Bone broth has become very popular recently, especially among health-conscious individuals. This is because it’s believed to have many health benefits.

Although there is no published research on bone broth itself, there’s plenty of evidence that suggests drinking it may be very beneficial.

Restorative, nourishing, and filled with age-defying collagen, Homemade Bone Broth seems to be everywhere these days. Easy and versatile, Learn How to Make Bone Broth with my easy-to-follow instructions, tips, and answers to all your bone broth frequently asked questions.

Bone Broth

Bone Broth Benefits Explained – Image by RitaE from Pixabay

Yes, of course, bone broth is not a magical healing drink that will solve all your problems.

Though supporters claim it’s good for your gut, and can reduce joint pain. Making you sleep better, and even help make you live longer. However, experts warn that there’s not enough research to support those claims—yet.

What Is Bone Broth?

By definition, bone broth is made by simmering the bones and connective tissue of animals. It’s a highly nutritious stock that is commonly used in soups, sauces, and gravies. Recently, it has gained popularity as a health drink.

Bone broth dates back to prehistoric times when hunter-gatherers turned otherwise inedible animal parts like bones, hooves, and knuckles into a broth they could drink.

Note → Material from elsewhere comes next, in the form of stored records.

lemma hidden_rep_0: "N 0 = DIM('a) \<Longrightarrow> hidden_rep N lo r 0 = (coords :: 'a::euclidean_space \<Rightarrow> _)"
  by (intro ext) (simp add: hidden_rep_def coord_features_def coords_padded_basis)

lemma hidden_rep_Suc:
  "hidden_rep N lo r (Suc l) x =
     (\<lambda>i. if i < N (Suc l) then (x - lo i) \<bullet> padded_basis i / r else 0)"
  by (simp add: hidden_rep_def coord_features_def inner_diff_left fun_eq_iff)

lemma hidden_rep_sampled_unit:
  fixes N :: "nat \<Rightarrow> nat" and lo :: "nat \<Rightarrow> 'a::euclidean_space" and r :: real and l :: nat
  defines "Y \<equiv> hidden_rep N lo r l"
  shows "relu (vinner (N l) (sample_weight (N l) (Y x1) (Y x2)) (Y x) - sample_bias (N l) (Y x1) (Y x2)) =
    relu (coord_form (N l) (if l = 0 then 1 else r) (x2 - x1) (x - x1)) /
    coord_form (N l) (if l = 0 then 1 else r) (x2 - x1) (x2 - x1)"
  unfolding relu_sampled_unit Y_def hidden_rep_def vinner_coord_features ..

lemma hidden_rep_inj:
  assumes "DIM('a) \<le> N l" "0 < r"
    and "hidden_rep N lo r l x1 = hidden_rep N lo r l (x2 :: 'a::euclidean_space)"
  shows "x1 = x2"
  using assms coord_features_inj[where 'a='a, of "N l" "if l = 0 then 1 else r"]
  by (simp add: hidden_rep_def)

lemma hidden_rep_hidden_layer:
  fixes lo :: "nat \<Rightarrow> 'a::euclidean_space"
  assumes "DIM('a) \<le> N l" "0 < r" "\<And>i. lo i \<bullet> padded_basis i \<le> x \<bullet> padded_basis i"
  shows "hidden_rep N lo r (Suc l) x = (\<lambda>i. if i < N (Suc l) then
      relu (vinner (N l)
          (sample_weight (N l) (hidden_rep N lo r l (lo i)) (hidden_rep N lo r l (lo i + r *\<^sub>R padded_basis i)))
          (hidden_rep N lo r l x)
        - sample_bias (N l) (hidden_rep N lo r l (lo i)) (hidden_rep N lo r l (lo i + r *\<^sub>R padded_basis i)))
    else 0)"
proof -
  have unit: "relu (coord_form (N l) (if l = 0 then 1 else r) (r *\<^sub>R padded_basis i) (x - lo i)) /
      coord_form (N l) (if l = 0 then 1 else r) (r *\<^sub>R padded_basis i) (r *\<^sub>R padded_basis i :: 'a)
    = (x - lo i) \<bullet> padded_basis i / r" for i
    using assms by (intro coord_form_hidden_unit) (auto simp: inner_diff_left)
  show ?thesis
    unfolding hidden_rep_Suc hidden_rep_sampled_unit add_diff_cancel_left' unit ..
qed

lemma coordinate_network_exists:
  fixes X :: "'a::euclidean_space set" and lo :: "nat \<Rightarrow> 'a" and P :: "nat \<Rightarrow> 'a \<times> 'a"
    and N :: "nat \<Rightarrow> nat"
  assumes r: "0 < r" and lo: "\<And>i. lo i \<in> X" "\<And>i. lo i + r *\<^sub>R padded_basis i \<in> X"
    and lo_le: "\<And>i x. x \<in> X \<Longrightarrow> lo i \<bullet> padded_basis i \<le> x \<bullet> padded_basis i"
    and L: "L = Suc L0" and N: "\<And>l. l < L \<Longrightarrow> DIM('a) \<le> N l" "N 0 = DIM('a)"
    and P: "\<And>i. i < NL \<Longrightarrow> fst (P i) \<in> X \<and> snd (P i) \<in> X \<and> fst (P i) \<noteq> snd (P i)"
  defines "B \<equiv> coord_form (N L0) (if L0 = 0 then 1 else r)"
  shows "\<exists>W b. is_sampled X L (N(L := NL)) W b \<and> (\<forall>x\<in>X. \<forall>i<NL. layer (N(L := NL)) W b L x i =
    relu (B (snd (P i) - fst (P i)) (x - fst (P i))) / B (snd (P i) - fst (P i)) (snd (P i) - fst (P i)))"
proof -
  define Y where "Y = hidden_rep N lo r"
  define anchor where "anchor l i = (if l < L then lo i else fst (P i))" for l i
  define target where "target l i = (if l < L then lo i + r *\<^sub>R padded_basis i else snd (P i))" for l i
  have "padded_basis i \<noteq> (0 :: 'a)" for i
    using padded_basis_in_Basis nonzero_Basis by blast
  then have points: "anchor l i \<in> X \<and> target l i \<in> X \<and> anchor l i \<noteq> target l i"
    if "l \<in> {1..L}" "i < (N(L := NL)) l" for l i
    using that P[of i] lo r by (cases "l < L") (auto simp: anchor_def target_def)
  have samples: "anchor l i \<in> X \<and> target l i \<in> X \<and> Y (l - 1) (anchor l i) \<noteq> Y (l - 1) (target l i)"
    if "l \<in> {1..L}" "i < (N(L := NL)) l" for l i
  proof -
    have "l - 1 < L" using that(1) by auto
    then show ?thesis
      using points[OF that] hidden_rep_inj[where N = N and l = "l - 1", OF N(1) r] by (auto simp: Y_def)
  qed
  have hidden: "Y (Suc l) x = (\<lambda>i. if i < N (Suc l) then
      relu (vinner (N l) (sample_weight (N l) (Y l (anchor (Suc l) i)) (Y l (target (Suc l) i))) (Y l x)
        - sample_bias (N l) (Y l (anchor (Suc l) i)) (Y l (target (Suc l) i))) else 0)"
    if "Suc l < L" "x \<in> X" for l x
    using hidden_rep_hidden_layer[where N = N and l = l, OF N(1) r lo_le, of x] that
    by (simp add: Y_def anchor_def target_def cong: if_cong)
  show ?thesis
    using sampled_network_exists[where X = X and Y = Y and N = N and NL = NL, OF L _ samples hidden]
    by (simp add: Y_def hidden_rep_0 N(2) L anchor_def target_def hidden_rep_sampled_unit B_def)
qed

In that case, you can make bone broth using bones from just about any animal.

For example, pork, beef, veal, turkey, lamb, bison, buffalo, venison, chicken or fish. In addition, bone marrow and connective tissues like feet, hooves, beaks, gizzards or fins can be used.

What are the Benefits of Bone Broth?

Firstly, bone broth can be sipped straight as a health tonic. That’s why we like stirring in nutritional yeast, sea salt, and black pepper to taste. Plus a little miso and some green onions and minced garlic. It’s comforting, warming, and nourishing.

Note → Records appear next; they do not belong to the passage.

(* Let $\alpha,\rho>0$ and let $b_f:\mathbb R_+\to(0,\infty)$ be a bounded function decreasing to $0$ on $\mathbb R_+=[0,\infty)$ with $\int_0^\infty b_f(s)s^{d-1}\,ds<\infty$. Let $f,g:\mathbb R^d\to\mathbb R_+$ be measurable, $f$ bounded, such that $f(x)\le b_f(|x|)$ for all $x\in\mathbb R^d$ and $g(x)\ge\alpha$ for all $|x|\le\rho$. Then $$\sup_{x\in\mathbb R^d,\ \eta\in\Gamma}\ \sum_{y\in\eta} f(x-y)\exp\Bigl\{-\sum_{z\in\eta\setminus\{y\}} g(z-y)\Bigr\}<\infty.$$
   Context: $\Gamma$ denotes the set of locally finite subsets $\gamma\subset\mathbb R^d$, i.e. $|\gamma\cap B|<\infty$ for every bounded Borel set $B\subset\mathbb R^d$, where $|\cdot|$ of a finite set is its cardinality; $|x|$ is the Euclidean norm. *)

theory Defs
  imports "HOL-Analysis.Analysis"
begin

definition Gamma :: "'a::euclidean_space set set" where
  "Gamma = {\<gamma>. \<forall>B. B \<in> sets borel \<longrightarrow> bounded B \<longrightarrow> finite (\<gamma> \<inter> B)}"

text \<open>exp(- sum_{z in eta minus y} g(z-y)), which is 0 when the (nonnegative) sum diverges.\<close>
definition interaction_weight :: "('a::euclidean_space \<Rightarrow> real) \<Rightarrow> 'a set \<Rightarrow> 'a \<Rightarrow> real" where
  "interaction_weight g \<eta> y =
     (if (\<lambda>z. g (z - y)) summable_on (\<eta> - {y})
      then exp (- (\<Sum>\<^sub>\<infinity>z\<in>\<eta> - {y}. g (z - y))) else 0)"

end

theory Submission
  imports Defs
begin

text \<open>
  Let \<open>N(y)\<close> be the number of points of \<open>\<eta>\<close> within distance \<open>\<rho>\<close> of \<open>y\<close>. Since \<open>g \<ge> \<alpha>\<close> on
  the ball of radius \<open>\<rho>\<close>, the weight of \<open>y\<close> is at most \<open>exp (-\<alpha> (N(y) - 1)) \<le> (1 + 1/\<alpha>) / N(y)\<close>.
  A greedy selection of \<open>\<rho>/2\<close>-separated points shows that \<open>\<Sum> 1/N(y)\<close> over the points of
  \<open>\<eta>\<close> in the annulus \<open>k \<le> |x - y| \<le> k + 1\<close> is at most the number of disjoint balls of
  radius \<open>\<rho>/4\<close> fitting into a slightly thickened annulus, which is \<open>O(k\<^sup>d\<^sup>-\<^sup>1)\<close> by comparing
  volumes. Hence the contribution of the \<open>k\<close>-th annulus is \<open>O(b(k) k\<^sup>d\<^sup>-\<^sup>1)\<close>, and these
  bounds sum to a constant by comparison with \<open>\<integral> b(s) s\<^sup>d\<^sup>-\<^sup>1 ds\<close>, uniformly in \<open>x\<close> and \<open>\<eta>\<close>.
\<close>

lemma power_diff_le:
  fixes q R :: real
  assumes "0 \<le> q" "q \<le> R"
  shows "R ^ n - q ^ n \<le> real n * (R - q) * R ^ (n - 1)"
proof -
  have "(\<Sum>i<n. q ^ (n - Suc i) * R ^ i) \<le> (\<Sum>i<n. R ^ (n - 1))"
  proof (rule sum_mono)
    fix i assume i: "i \<in> {..<n}"
    have "q ^ (n - Suc i) * R ^ i \<le> R ^ (n - Suc i) * R ^ i"
      using assms by (intro mult_right_mono power_mono) auto
    also have "\<dots> = R ^ (n - 1)" using i by (simp add: power_add[symmetric])
    finally show "q ^ (n - Suc i) * R ^ i \<le> R ^ (n - 1)" .
  qed
  hence "(R - q) * (\<Sum>i<n. q ^ (n - Suc i) * R ^ i) \<le> (R - q) * (\<Sum>i<n. R ^ (n - 1))"
    using assms by (intro mult_left_mono) auto
  thus ?thesis by (simp add: power_diff_sumr2 mult_ac)
qed

lemma sum_antimono_le_nn_integral:
  fixes b :: "real \<Rightarrow> real"
  assumes anti: "antimono_on {0..} b" and nonneg: "\<And>s. s \<ge> 0 \<Longrightarrow> b s \<ge> 0"
  shows "ennreal (\<Sum>k<m. b (real (Suc k)) * real k ^ n)
           \<le> (\<integral>\<^sup>+ s\<in>{0..}. ennreal (b s * s ^ n) \<partial>lborel)"
proof -
  define c where "c k = b (real (Suc k)) * real k ^ n" for k
  define S where "S k = {real k..<real (Suc k)}" for k
  have c_nonneg: "c k \<ge> 0" for k
    unfolding c_def using nonneg[of "real (Suc k)"] by simp
  have c_le: "c k \<le> b s * s ^ n" if "s \<in> S k" for k s
  proof -
    have "b (real (Suc k)) \<le> b s"
      using that monotone_onD[OF anti, of s "real (Suc k)"] by (simp add: S_def)
    moreover have "real k ^ n \<le> s ^ n"
      using that by (intro power_mono) (auto simp: S_def)
    ultimately show ?thesis
      unfolding c_def using that nonneg[of "real (Suc k)"] by (intro mult_mono) (auto simp: S_def)
  qed
  have "ennreal (\<Sum>k<m. c k) = (\<Sum>k<m. ennreal (c k) * emeasure lborel (S k))"
    using c_nonneg by (simp add: S_def)
  also have "\<dots> = (\<Sum>k<m. \<integral>\<^sup>+ s. ennreal (c k) * indicator (S k) s \<partial>lborel)"
    by (simp add: nn_integral_cmult_indicator S_def)
  also have "\<dots> = (\<integral>\<^sup>+ s. (\<Sum>k<m. ennreal (c k) * indicator (S k) s) \<partial>lborel)"
    by (rule nn_integral_sum[symmetric]) (simp add: S_def)
  also have "\<dots> \<le> (\<integral>\<^sup>+ s. ennreal (b s * s ^ n) * indicator {0..} s \<partial>lborel)"
  proof (rule nn_integral_mono)
    fix s :: real
    have unique: "k = nat \<lfloor>s\<rfloor>" if "s \<in> S k" for k
    proof -
      have "\<lfloor>s\<rfloor> = int k" using that by (simp add: S_def floor_eq_iff)
      thus ?thesis by simp
    qed
    have "(\<Sum>k<m. ennreal (c k) * indicator (S k) s)
        = (\<Sum>k<m. if k = nat \<lfloor>s\<rfloor> then ennreal (c k) * indicator (S k) s else 0)"
      by (rule sum.cong) (auto simp: indicator_def dest: unique)
    also have "\<dots> \<le> ennreal (c (nat \<lfloor>s\<rfloor>)) * indicator (S (nat \<lfloor>s\<rfloor>)) s"
      by (simp add: sum.delta)
    also have "\<dots> \<le> ennreal (b s * s ^ n) * indicator {0..} s"
      using c_le[of s "nat \<lfloor>s\<rfloor>"] by (auto simp: indicator_def S_def ennreal_leI)
    finally show "(\<Sum>k<m. ennreal (c k) * indicator (S k) s)
        \<le> ennreal (b s * s ^ n) * indicator {0..} s" .
  qed
  finally show ?thesis unfolding c_def .
qed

In fact, bone broth is high in vitamins, minerals, and amino acids, which are the building blocks of protein. It also contains a high amount of collagen, which may help support bone and joint health.

Bone Broth

Bone Broth: You’re Doing It Wrong – Image by RitaE from Pixabay

To simply put, because the broth is easy to digest, these nutrients are easy for the body to absorb. Making them more available to the body — especially for those with digestive issues.

Below are more related benefits;

Helps the Digestive System

Scientists have discovered that your overall health depends heavily on the health of your intestinal tract.

Not only is bone broth easy to digest, but it may also aid in the digestion of other foods. The gelatin found in bone broth naturally attracts and holds liquids. This is why properly prepared broth congeals in the fridge.

Gelatin can also bind to water in your digestive tract, which helps foods move through your gut more easily.

It has also been shown to protect and heal the mucosal lining of the digestive tract in rats. It is thought to have the same effect in humans, but more research needs to be done to show its effectiveness.

An amino acid in gelatin called glutamine helps maintain the function of the intestinal wall and has been known to prevent and heal a condition known as “leaky gut.” Leaky gut, which is associated with several chronic diseases, is when the barrier between your gut and the bloodstream is impaired.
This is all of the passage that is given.